Это было глупо — двигаться по открытым пространствам, если была такая угроза. Но поскольку других вариантов не было — не метро же от них тут ждать, в самом деле — разумно бы было, наверное, переждать? Может, у этих лезаров сейчас сезон? Или они так всегда летают? Я не понимала причины того, почему мы просто взяли и поехали, без всякой защиты, но, вероятно, она была, и мне было важно узнать ее. Показаться глупой я не боялась, учитывая тот факт, что бедняжка Мариза снискала славу дурочки не только среди господ и особо приближенных слуг.

— Так зачем они вышли? — спросила я, пару раз хлопнув глазками. Как это выглядело со стороны — подозреваю, довольно наигранно. — Почему мы едем не по лесу?

— Да ты же совсем дурная, — проворчал кучер, подходя к карете поближе. — Ну как они до деревни дойдут? А нам как ехать, если не по дороге? И так чуть не перевернулись. А лошади ноги переломают? Дурная, как есть дурная, — он разглядывал меня, я не отводила взгляд, — дурная, но хорошенькая…

Я хмыкнула. Понятно было, к чему он клонит, и мне, наверное, стоило к этому привыкать. Если даже в моем просвещенном мире некоторые женщины считали еще комплиментом свист вслед и шлепок по заднице, что было говорить о мире этом.

— Даже не думай, — предупредила я. — Ни добром, ни силой. Иначе я сразу скажу герцогине де Бри.

— Кто же тебе поверит? — Кучер взялся за ручку двери с той стороны, и похоже, он совершенно не понимал, что сейчас под угрозой куда больше, чем я.

— Ну, кто, — усмехнулась я, и кучер замер. Мое спокойствие его напугало. — Доктора, например. Думаешь, я тебе добром дамся? Да и потом, кому скорее поверят, тебе, который коням хвосты крутит, или графине де Аллеран?

— Да какая ты графиня? Платье господское напялила да кольца, и этого хватит?

Глуп не тот, кто кажется глупым. Я усвоила это с первых своих поездок за барахлом. И если польские оптовики еще старались держать хоть какую-то марку, то улыбчивые, внешне доверчивые и чрезмерно вежливые турки, которых, казалось, было так легко продавить на огромную скидку, могли положить вместо оговоренного товара сплошной неликвид, сбыть который нельзя было даже в далекие села.
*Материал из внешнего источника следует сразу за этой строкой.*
definition Ssym :: "'g measure \<Rightarrow> ('g \<Rightarrow> 'a \<Rightarrow> 'a) \<Rightarrow> ('a \<Rightarrow> real^'n) \<Rightarrow> ('a \<Rightarrow> real^'n)" where
  "Ssym \<mu> T \<gamma> = (\<lambda>x. \<chi> i. \<integral>\<sigma>. \<gamma> (T \<sigma> x) $ i \<partial>\<mu>)"

definition Gamma_inv :: "('g \<Rightarrow> 'a \<Rightarrow> 'a) \<Rightarrow> ('a \<Rightarrow> 'b) set \<Rightarrow> ('a \<Rightarrow> 'b) set" where
  "Gamma_inv T \<Gamma> = {\<gamma> \<in> \<Gamma>. \<forall>\<sigma>. \<gamma> \<circ> T \<sigma> = \<gamma>}"

definition invariant_meas :: "'a measure \<Rightarrow> ('g \<Rightarrow> 'a \<Rightarrow> 'a) \<Rightarrow> 'a measure \<Rightarrow> bool" where
  "invariant_meas M T P \<longleftrightarrow> (\<forall>\<sigma>. distr P M (T \<sigma>) = P)"

definition DH :: "('f \<Rightarrow> 'm \<Rightarrow> 'm \<Rightarrow> ereal) \<Rightarrow> 'f set \<Rightarrow> 'm \<Rightarrow> 'm \<Rightarrow> ereal" where
  "DH H \<Gamma> Q P = (SUP \<gamma>\<in>\<Gamma>. H \<gamma> Q P)"

end

(*
  For invariant Q and P the map h = H(-; Q, P) is constant on every orbit {gamma o T sigma},
  so by concavity h >= h gamma on the convex hull of the orbit.  The symmetrization S gamma is
  the Haar average of the orbit, and it lies in the M(X)-closure of this convex hull: a basic
  neighbourhood only tests finitely many functionals tau_nu, and the Haar integrals of the
  finitely many bounded functions sigma |-> tau_nu(gamma o T sigma) are approximated
  simultaneously by one convex combination of point evaluations (quantize their values and
  pick a point in every level cell).  Upper semicontinuity then gives h (S gamma) >= h gamma.
  Right invariance of the Haar measure makes every S gamma invariant, and an invariant gamma
  is its own average; this identifies S[Gamma] with Gamma_inv when S[Gamma] is contained in Gamma.
*)

theory Submission
  imports Defs
begin

lemma finite_image_floor_quantization:
  fixes F :: "('g \<Rightarrow> real) set"
  assumes "finite F" "\<And>\<phi>. \<phi> \<in> F \<Longrightarrow> bounded (\<phi> ` S)"
  shows "finite ((\<lambda>\<sigma>. restrict (\<lambda>\<phi>. \<lfloor>\<phi> \<sigma> / d\<rfloor>) F) ` S)"
proof -
  have "\<forall>\<phi>\<in>F. \<exists>b. \<forall>\<sigma>\<in>S. \<bar>\<phi> \<sigma>\<bar> \<le> b"
    using assms(2) by (auto simp: bounded_real)
  then obtain B where B: "\<And>\<phi> \<sigma>. \<phi> \<in> F \<Longrightarrow> \<sigma> \<in> S \<Longrightarrow> \<bar>\<phi> \<sigma>\<bar> \<le> B \<phi>"
    by metis
  have "\<lfloor>\<phi> \<sigma> / d\<rfloor> \<in> {- \<lceil>\<bar>B \<phi> / d\<bar>\<rceil> .. \<lceil>\<bar>B \<phi> / d\<bar>\<rceil>}" if "\<phi> \<in> F" "\<sigma> \<in> S" for \<phi> \<sigma>
  proof -
    have "\<bar>\<phi> \<sigma> / d\<bar> \<le> \<bar>B \<phi> / d\<bar>"
      using B[OF that] by (simp add: divide_right_mono)
    then show ?thesis by (simp only: abs_le_iff atLeastAtMost_iff) linarith
  qed
  then have "(\<lambda>\<sigma>. restrict (\<lambda>\<phi>. \<lfloor>\<phi> \<sigma> / d\<rfloor>) F) ` S \<subseteq> PiE F (\<lambda>\<phi>. {- \<lceil>\<bar>B \<phi> / d\<bar>\<rceil> .. \<lceil>\<bar>B \<phi> / d\<bar>\<rceil>})"
    by auto
  then show ?thesis
    by (rule finite_subset) (simp add: finite_PiE assms(1))
qed

lemma (in finite_measure) integrable_bounded:
  fixes f :: "'a \<Rightarrow> real"
  assumes "f \<in> borel_measurable M" and "bounded (f ` space M)"
  shows "integrable M f"
proof -
  obtain B where "\<forall>x\<in>space M. \<bar>f x\<bar> \<le> B"
    using assms(2) by (auto simp: bounded_real)
  then show ?thesis
    using assms(1) by (intro integrable_const_bound[where B=B]) auto
qed

lemma simple_function_floor_quantization:
  fixes F :: "('a \<Rightarrow> real) set"
  assumes F: "finite F" and meas: "\<And>\<phi>. \<phi> \<in> F \<Longrightarrow> \<phi> \<in> borel_measurable M"
    and bnd: "\<And>\<phi>. \<phi> \<in> F \<Longrightarrow> bounded (\<phi> ` space M)"
  shows "simple_function M (\<lambda>\<sigma>. restrict (\<lambda>\<phi>. \<lfloor>\<phi> \<sigma> / d\<rfloor>) F)" (is "simple_function M ?q")
  unfolding simple_function_def
proof
  show "finite (?q ` space M)"
    by (rule finite_image_floor_quantization[OF F bnd])
  have "?q x = ?q \<sigma> \<longleftrightarrow> (\<forall>\<phi>\<in>F. \<lfloor>\<phi> x / d\<rfloor> = \<lfloor>\<phi> \<sigma> / d\<rfloor>)" for x \<sigma>
  proof
    show "\<forall>\<phi>\<in>F. \<lfloor>\<phi> x / d\<rfloor> = \<lfloor>\<phi> \<sigma> / d\<rfloor>" if "?q x = ?q \<sigma>"
    proof
      fix \<phi> assume "\<phi> \<in> F"
      then show "\<lfloor>\<phi> x / d\<rfloor> = \<lfloor>\<phi> \<sigma> / d\<rfloor>"
        using fun_cong[OF that, of \<phi>] by simp
    qed
  qed (auto intro!: restrict_ext)
  then have "?q -` {?q \<sigma>} \<inter> space M = {x \<in> space M. \<forall>\<phi>\<in>F. \<lfloor>\<phi> x / d\<rfloor> = \<lfloor>\<phi> \<sigma> / d\<rfloor>}" for \<sigma>
    by auto
  also have "\<dots> \<sigma> \<in> sets M" for \<sigma>
    using meas F by measurable
  finally show "\<forall>v\<in>?q ` space M. ?q -` {v} \<inter> space M \<in> sets M"
    by blast
qed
— Какая-никакая, для герцогини — графиня, — продолжала я с кривой и нахальной улыбкой. — Допустим, меня вернут обратно, если вскроется, что я не мадемуазель Адриана, а внебрачная графская дочь, всю жизнь надевавшая платья на господ. С тобой-то что будет, дружок? И за то, что снасильничал, и за то, что открыл обман? Мне-то и в замке при мадемуазель нормально жилось, а вот тебе что от господ светит — я даже не знаю… 
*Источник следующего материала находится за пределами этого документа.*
lemma list_axis_subset: "list_axis xs \<subseteq> set xs \<times> set xs"
  by (induction xs) auto

lemma list_axis_append:
  "list_axis (us @ vs) = list_axis us \<union> set us \<times> set vs \<union> list_axis vs"
  by (induction us) auto

lemma list_axis_in_axes:
  assumes "distinct xs"
  shows "list_axis xs \<in> axes (set xs)"
proof -
  have "trans (list_axis xs)"
    using assms
  proof (induction xs)
    case (Cons x xs)
    show ?case
    proof (rule transI)
      fix p q r
      assume "(p, q) \<in> list_axis (x # xs)" "(q, r) \<in> list_axis (x # xs)"
      then show "(p, r) \<in> list_axis (x # xs)"
        using Cons list_axis_subset[of xs] by (auto dest: transD)
    qed
  qed simp
  moreover have "irrefl (list_axis xs)"
    using assms
  proof (induction xs)
    case (Cons x xs)
    then show ?case using list_axis_subset[of xs] by (auto simp: irrefl_def)
  qed simp
  moreover have "total_on (set xs) (list_axis xs)"
    by (induction xs) (auto simp: total_on_def)
  ultimately show ?thesis
    using list_axis_subset unfolding axes_def strict_linear_order_on_def by blast
qed

lemma is_leftmost_list_axis:
  assumes "distinct (x # xs)"
  shows "is_leftmost (set (x # xs)) (list_axis (x # xs)) x"
  using assms list_axis_subset[of xs] unfolding is_leftmost_def by auto

lemma is_rightmost_list_axis:
  assumes "distinct (xs @ [y])"
  shows "is_rightmost (set (xs @ [y])) (list_axis (xs @ [y])) y"
  using assms list_axis_subset[of xs] unfolding is_rightmost_def list_axis_append by auto

lemma is_interval_list_axis_consecutive:
  assumes "distinct (us @ p # q # vs)"
  shows "is_interval {p, q} (list_axis (us @ p # q # vs))"
  using assms list_axis_subset[of us] list_axis_subset[of vs]
  unfolding is_interval_def list_axis_append by auto

lemma interval_cost_nonneg:
  assumes "0 \<le> hs" "0 \<le> h"
  shows "0 \<le> interval_cost C hs h A r"
  using assms unfolding interval_cost_def by auto

lemma interval_cost_interval:
  "is_interval A r \<Longrightarrow> interval_cost C hs h A r = 0"
  unfolding interval_cost_def by simp

lemma interval_cost_not_interval_ge:
  assumes "\<not> is_interval A r"
  shows "min hs h \<le> interval_cost C hs h A r"
  using assms unfolding interval_cost_def by auto

lemma interval_cost_spanning_le:
  assumes "0 \<le> hs" "x \<in> A" "is_leftmost C r x" "y \<in> A" "is_rightmost C r y"
  shows "interval_cost C hs h A r \<le> hs"
  using assms unfolding interval_cost_def by auto

lemma interval_cost_no_leftmost:
  assumes "\<not> is_interval A r" "\<not> (\<exists>x\<in>A. is_leftmost C r x)"
  shows "interval_cost C hs h A r = h"
  using assms unfolding interval_cost_def by auto

lemma axis_middle_of_interval_pairs:
  assumes "r \<in> axes C" "y1 \<in> C" "y2 \<in> C" "y3 \<in> C" "distinct [y1, y2, y3]"
    and "is_interval {y1, y2} r" "is_interval {y2, y3} r"
  shows "(y1, y2) \<in> r \<and> (y2, y3) \<in> r \<or> (y3, y2) \<in> r \<and> (y2, y1) \<in> r"
proof -
  have "trans r" "total_on C r"
    using assms(1) unfolding axes_def strict_linear_order_on_def by auto
  then show ?thesis
    using assms(2-) unfolding is_interval_def total_on_def trans_def by auto metis+
qed

definition path_profile :: "'c set \<Rightarrow> 'c \<Rightarrow> 'c \<Rightarrow> 'c \<Rightarrow> 'c set list" where
  "path_profile B y1 y2 y3 = [B, {y1, y2}, {y2, y3}]"

lemma path_profile_cost_ge_min:
  assumes "r \<in> axes C" "y1 \<in> C" "y2 \<in> C" "y3 \<in> C" "distinct [y1, y2, y3]"
    and "y1 \<in> B" "y3 \<in> B" "y2 \<notin> B" "0 \<le> hs" "0 \<le> h"
  shows "min hs h \<le> (\<Sum>A\<leftarrow>path_profile B y1 y2 y3. interval_cost C hs h A r)"
proof -
  have "\<not> (is_interval {y1, y2} r \<and> is_interval {y2, y3} r \<and> is_interval B r)"
    using axis_middle_of_interval_pairs[OF assms(1-5)] assms(6-8)
    unfolding is_interval_def by blast
  then show ?thesis
    using interval_cost_not_interval_ge[where r = r and C = C and hs = hs and h = h]
      interval_cost_nonneg[OF assms(9,10), where C = C and r = r]
    unfolding path_profile_def by (auto intro: add_increasing add_increasing2)
qed

lemma path_profile_cost_le:
  assumes "is_interval {y1, y2} r" "is_interval {y2, y3} r"
    and "x \<in> B" "is_leftmost C r x" "y \<in> B" "is_rightmost C r y" "0 \<le> hs"
  shows "(\<Sum>A\<leftarrow>path_profile B y1 y2 y3. interval_cost C hs h A r) \<le> hs"
  using interval_cost_spanning_le[OF assms(7,3-6)]
  by (simp add: path_profile_def interval_cost_interval assms(1,2))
До кучера начало доходить, в чем проблема. В его не самую смекалистую башку до этой минуты, кажется, даже не стучалась мысль, что для всех я — графиня де Аллеран, и этой легенде надо бы соответствовать. И как бы ему ни хотелось сбросить стресс, вполне возможно, что с Маризой и не впервые, пришлось отступить.
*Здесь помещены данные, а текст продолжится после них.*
lemma local_solvability:
  fixes F :: "nat \<Rightarrow> (nat \<Rightarrow> complex) \<Rightarrow> (nat \<Rightarrow> complex) \<Rightarrow> complex"
    and D :: "nat \<Rightarrow> nat \<Rightarrow> point3 \<Rightarrow> complex" and A :: "nat \<Rightarrow> nat \<Rightarrow> complex"
  assumes slopes: "\<And>r. r < N \<Longrightarrow> carath_slopes N p0 w0 (F r) (D r)"
    and zero: "\<And>r. r < N \<Longrightarrow> F r p0 w0 = 0"
    and left_inv: "\<And>i c. i < N \<Longrightarrow> c < N \<Longrightarrow>
      (\<Sum>r<N. A i r * D r c (p0, w0, w0)) = (if i = c then 1 else 0)"
    and right_inv: "\<And>r j. r < N \<Longrightarrow> j < N \<Longrightarrow>
      (\<Sum>i<N. D r i (p0, w0, w0) * A i j) = (if r = j then 1 else 0)"
  shows "\<exists>P \<delta>. \<delta> > 0 \<and> (\<forall>p. near P \<delta> p p0 \<longrightarrow> (\<exists>w. \<forall>r<N. F r p w = 0))"
proof -
  define \<beta> :: real where "\<beta> = 1 / (2 * N + 1)"
  have "\<beta> > 0"
    by (simp add: \<beta>_def)
  have "\<exists>P \<delta>. \<delta> > 0 \<and> (\<forall>x i c. near3 P \<delta> x (p0, w0, w0) \<longrightarrow> i < N \<longrightarrow> c < N \<longrightarrow>
      cmod ((if i = c then 1 else 0) - (\<Sum>r<N. A i r * D r c x)) < \<beta>)"
    by (rule slopes_nearly_inverted[where F = F and D = D and A = A])
       (use slopes left_inv \<open>\<beta> > 0\<close> in auto)
  then obtain P1 \<delta>1 where "\<delta>1 > 0" and P1: "\<forall>x i c. near3 P1 \<delta>1 x (p0, w0, w0) \<longrightarrow> i < N \<longrightarrow> c < N \<longrightarrow>
      cmod ((if i = c then 1 else 0) - (\<Sum>r<N. A i r * D r c x)) < \<beta>"
    by (elim exE conjE) (rule that)
  define \<rho> where "\<rho> = \<delta>1 / 2"
  define \<gamma> :: real where "\<gamma> = \<rho> / (2 * N + 2)"
  have "\<gamma> > 0"
    using \<open>\<delta>1 > 0\<close> by (simp add: \<gamma>_def \<rho>_def)
  have "\<exists>P \<delta>. \<delta> > 0 \<and> (\<forall>p i. near P \<delta> p p0 \<longrightarrow> i < N \<longrightarrow> cmod (\<Sum>r<N. A i r * F r p w0) < \<gamma>)"
    by (rule residual_small_near[where F = F and D = D and A = A])
       (use slopes zero \<open>\<gamma> > 0\<close> in auto)
  then obtain P2 \<delta>2 where "\<delta>2 > 0"
    and P2: "\<forall>p i. near P2 \<delta>2 p p0 \<longrightarrow> i < N \<longrightarrow> cmod (\<Sum>r<N. A i r * F r p w0) < \<gamma>"
    by (elim exE conjE) (rule that)
  show ?thesis
  proof (intro exI[of _ "max P1 P2"] exI[of _ "min \<delta>1 \<delta>2"] conjI allI impI)
    show "min \<delta>1 \<delta>2 > 0"
      using \<open>\<delta>1 > 0\<close> \<open>\<delta>2 > 0\<close> by simp
    fix p assume "near (max P1 P2) (min \<delta>1 \<delta>2) p p0"
    then have p: "near P1 \<delta>1 p p0" "near P2 \<delta>2 p p0"
      by (rule near_mono; simp)+
    have contracting: "cmod ((if i = c then 1 else 0) - (\<Sum>r<N. A i r * D r c (p, w, v))) \<le> \<beta>"
      if "w \<in> {w. (\<forall>i\<ge>N. w i = w0 i) \<and> norm1 N (\<lambda>i. w i - w0 i) \<le> \<rho>}"
        and "v \<in> {w. (\<forall>i\<ge>N. w i = w0 i) \<and> norm1 N (\<lambda>i. w i - w0 i) \<le> \<rho>}" and "i < N" "c < N"
      for w v i c
    proof -
      have "near3 P1 \<delta>1 (p, w, v) (p0, w0, w0)"
        using that(1,2) p(1) \<open>\<delta>1 > 0\<close> unfolding \<rho>_def by (rule near3_if_norm1_ball)
      from less_imp_le[OF P1[rule_format, OF this that(3,4)]]
      show ?thesis .
    qed
    have slopes_p: "F r p w - F r p v = (\<Sum>c<N. D r c (p, w, v) * (w c - v c))" if "r < N" for r w v
      by (rule carath_slopesD(1)[OF slopes[OF that]])
    have start: "cmod (\<Sum>r<N. A i r * F r p w0) \<le> \<gamma>" if "i < N" for i
      using less_imp_le[OF P2[rule_format, OF p(2) that]] .
    show "\<exists>w. \<forall>r<N. F r p w = 0"
      by (rule quasi_newton_zero[where \<rho> = \<rho> and \<beta> = \<beta> and \<gamma> = \<gamma>,
            OF slopes_p right_inv contracting _ start])
         (use \<open>\<delta>1 > 0\<close> in \<open>auto simp: \<beta>_def \<gamma>_def \<rho>_def field_simps\<close>)
  qed
qed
— Вот дурная, — еще раз пробормотал он и отошел. 

Я потерла лицо руками. Потом прислушалась к ощущениям тела: порванная на тряпочки простыня пока держалась. И хотя это все было невероятно неудобно и напоминало мне школьные годы в те времена, когда мы тоже стирали тряпочки, я хотела бы и дальше надевать эту варварскую конструкцию столько лет, сколько отпущено мне природой, и без перерывов на одиннадцать месяцев. Каждый такой перерыв грозил отправить меня на тот свет еще раз. И кучер этот далеко не единственный, не первый и не последний. Что делать? Я вспомнила Адриану: воспользоваться ее рецептом? Могла ли герцогиня де Бри знать о желании юной родственницы посвятить жизнь благочестию и воздержанию? Если да, отлично, но только в случае, если герцогиня не попытается выбить из меня эту дурь. Ко двору меня тащат явно не для того, чтобы я показывала всем пример добродетели.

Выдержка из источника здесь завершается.